(Saved data entries)
━━━━━━━━
(* Let $c>1$ be even and let $K$ be the set partition of $S_c$ whose only part with more than one element is the set of cyclic shifts of the identity, $\{12\cdots c,\ 23\cdots c1,\ \ldots,\ c12\cdots(c-1)\}$. Then the $K$-equivalence on $S_{c+1}$ has only one nontrivial class.
   Context: Permutations are written in one-line notation as words. The order permutation (standardization) of a word $u$ of distinct positive integers of length $\ell$ is the unique $\pi\in S_\ell$ with $\pi_i<\pi_j$ iff $u_i<u_j$. The $K$-equivalence on $S_n$ is the equivalence relation generated by declaring $\phi\equiv\psi$ whenever $\phi=aub$ and $\psi=avb$ for words $a,b,u,v$ with $u,v$ of length $c$ whose order permutations lie in the same part of $K$. A class is nontrivial if it contains more than one element. *)

theory Defs
  imports Main
begin

definition perms :: "nat \<Rightarrow> nat list set" where
  "perms n = {xs. distinct xs \<and> set xs = {1..n}}"

definition std :: "nat list \<Rightarrow> nat list" where
  "std u = (THE p. p \<in> perms (length u) \<and>
     (\<forall>i<length u. \<forall>j<length u. (p ! i < p ! j \<longleftrightarrow> u ! i < u ! j)))"

definition Kstep :: "nat \<Rightarrow> nat list set set \<Rightarrow> nat \<Rightarrow> (nat list \<times> nat list) set" where
  "Kstep c K n = {(a @ u @ b, a @ v @ b) | a u v b.
      a @ u @ b \<in> perms n \<and> a @ v @ b \<in> perms n \<and>
      length u = c \<and> length v = c \<and> (\<exists>P\<in>K. std u \<in> P \<and> std v \<in> P)}"
lemma plane_grid_subset_cball:
  assumes "\<And>p. p \<in> P \<Longrightarrow> \<bar>p\<bar> \<le> R" "t \<ge> 0" "4 * t * R \<le> 1"
  shows "plane_grid t P \<subseteq> cball 0 (1/2)"
proof
  fix x assume "x \<in> plane_grid t P"
  then obtain p q where pq: "p \<in> P" "q \<in> P" "x = vector [t * p, t * q]"
    unfolding plane_grid_def by auto
  have "norm x \<le> \<bar>x $ 1\<bar> + \<bar>x $ 2\<bar>" using norm_le_l1_cart[of x] by (simp add: sum_2)
  also have "\<dots> = t * \<bar>p\<bar> + t * \<bar>q\<bar>" using pq(3) \<open>t \<ge> 0\<close> by (simp add: abs_mult)
  also have "\<dots> \<le> t * R + t * R"
    using assms(1) pq(1,2) \<open>t \<ge> 0\<close> by (intro add_mono mult_left_mono) auto
  also have "\<dots> \<le> 1/2" using assms(3) by (simp add: algebra_simps)
  finally show "x \<in> cball 0 (1/2)" by simp
qed

lemma card_projection_diff_plane_grid_le:
  assumes "\<And>p p' q q'. p \<in> P \<Longrightarrow> p' \<in> P \<Longrightarrow> q \<in> P \<Longrightarrow> q' \<in> P \<Longrightarrow>
      (p - p') * y $ 1 + (q - q') * y $ 2 \<in> W"
    and "finite W"
  shows "card ((\<lambda>v. v \<bullet> y) ` diff_set (plane_grid t P)) \<le> card W"
proof -
  have "(\<lambda>v. v \<bullet> y) ` diff_set (plane_grid t P) \<subseteq> (\<lambda>z. t * z) ` W"
  proof clarify
    fix v assume "v \<in> diff_set (plane_grid t P)"
    then obtain p q p' q' where "p \<in> P" "q \<in> P" "p' \<in> P" "q' \<in> P"
      and v: "v = vector [t * p, t * q] - vector [t * p', t * q']"
      unfolding diff_set_def plane_grid_def by auto
    then have "(p - p') * y $ 1 + (q - q') * y $ 2 \<in> W" using assms(1) by blast
    moreover have "v \<bullet> y = t * ((p - p') * y $ 1 + (q - q') * y $ 2)"
      unfolding v inner_real2 by (simp add: algebra_simps)
    ultimately show "v \<bullet> y \<in> (\<lambda>z. t * z) ` W" by blast
  qed
  then have "card ((\<lambda>v. v \<bullet> y) ` diff_set (plane_grid t P)) \<le> card ((\<lambda>z. t * z) ` W)"
    using assms(2) by (intro card_mono) auto
  also have "\<dots> \<le> card W" by (rule card_image_le[OF assms(2)])
  finally show ?thesis .
qed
━━━━━━━━
• _WHAT IS REQUIRED_
Each entry above must be printed exactly as written.

• _FINAL ANSWER_
(* Let $c>1$ be even and let $K$ be the set partition of $S_c$ whose only part with more than one element is the set of cyclic shifts of the identity, $\{12\cdots c,\ 23\cdots c1,\ \ldots,\ c12\cdots(c-1)\}$. Then the $K$-equivalence on $S_{c+1}$ has only one nontrivial class.
   Context: Permutations are written in one-line notation as words. The order permutation (standardization) of a word $u$ of distinct positive integers of length $\ell$ is the unique $\pi\in S_\ell$ with $\pi_i<\pi_j$ iff $u_i<u_j$. The $K$-equivalence on $S_n$ is the equivalence relation generated by declaring $\phi\equiv\psi$ whenever $\phi=aub$ and $\psi=avb$ for words $a,b,u,v$ with $u,v$ of length $c$ whose order permutations lie in the same part of $K$. A class is nontrivial if it contains more than one element. *)

theory Defs
  imports Main
begin

definition perms :: "nat \<Rightarrow> nat list set" where
  "perms n = {xs. distinct xs \<and> set xs = {1..n}}"

definition std :: "nat list \<Rightarrow> nat list" where
  "std u = (THE p. p \<in> perms (length u) \<and>
     (\<forall>i<length u. \<forall>j<length u. (p ! i < p ! j \<longleftrightarrow> u ! i < u ! j)))"

definition Kstep :: "nat \<Rightarrow> nat list set set \<Rightarrow> nat \<Rightarrow> (nat list \<times> nat list) set" where
  "Kstep c K n = {(a @ u @ b, a @ v @ b) | a u v b.
      a @ u @ b \<in> perms n \<and> a @ v @ b \<in> perms n \<and>
      length u = c \<and> length v = c \<and> (\<exists>P\<in>K. std u \<in> P \<and> std v \<in> P)}"
lemma plane_grid_subset_cball:
  assumes "\<And>p. p \<in> P \<Longrightarrow> \<bar>p\<bar> \<le> R" "t \<ge> 0" "4 * t * R \<le> 1"
  shows "plane_grid t P \<subseteq> cball 0 (1/2)"
proof
  fix x assume "x \<in> plane_grid t P"
  then obtain p q where pq: "p \<in> P" "q \<in> P" "x = vector [t * p, t * q]"
    unfolding plane_grid_def by auto
  have "norm x \<le> \<bar>x $ 1\<bar> + \<bar>x $ 2\<bar>" using norm_le_l1_cart[of x] by (simp add: sum_2)
  also have "\<dots> = t * \<bar>p\<bar> + t * \<bar>q\<bar>" using pq(3) \<open>t \<ge> 0\<close> by (simp add: abs_mult)
  also have "\<dots> \<le> t * R + t * R"
    using assms(1) pq(1,2) \<open>t \<ge> 0\<close> by (intro add_mono mult_left_mono) auto
  also have "\<dots> \<le> 1/2" using assms(3) by (simp add: algebra_simps)
  finally show "x \<in> cball 0 (1/2)" by simp
qed

lemma card_projection_diff_plane_grid_le:
  assumes "\<And>p p' q q'. p \<in> P \<Longrightarrow> p' \<in> P \<Longrightarrow> q \<in> P \<Longrightarrow> q' \<in> P \<Longrightarrow>
      (p - p') * y $ 1 + (q - q') * y $ 2 \<in> W"
    and "finite W"
  shows "card ((\<lambda>v. v \<bullet> y) ` diff_set (plane_grid t P)) \<le> card W"
proof -
  have "(\<lambda>v. v \<bullet> y) ` diff_set (plane_grid t P) \<subseteq> (\<lambda>z. t * z) ` W"
  proof clarify
    fix v assume "v \<in> diff_set (plane_grid t P)"
    then obtain p q p' q' where "p \<in> P" "q \<in> P" "p' \<in> P" "q' \<in> P"
      and v: "v = vector [t * p, t * q] - vector [t * p', t * q']"
      unfolding diff_set_def plane_grid_def by auto
    then have "(p - p') * y $ 1 + (q - q') * y $ 2 \<in> W" using assms(1) by blast
    moreover have "v \<bullet> y = t * ((p - p') * y $ 1 + (q - q') * y $ 2)"
      unfolding v inner_real2 by (simp add: algebra_simps)
    ultimately show "v \<bullet> y \<in> (\<lambda>z. t * z) ` W" by blast
  qed
  then have "card ((\<lambda>v. v \<bullet> y) ` diff_set (plane_grid t P)) \<le> card ((\<lambda>z. t * z) ` W)"
    using assms(2) by (intro card_mono) auto
  also have "\<dots> \<le> card W" by (rule card_image_le[OF assms(2)])
  finally show ?thesis .
qed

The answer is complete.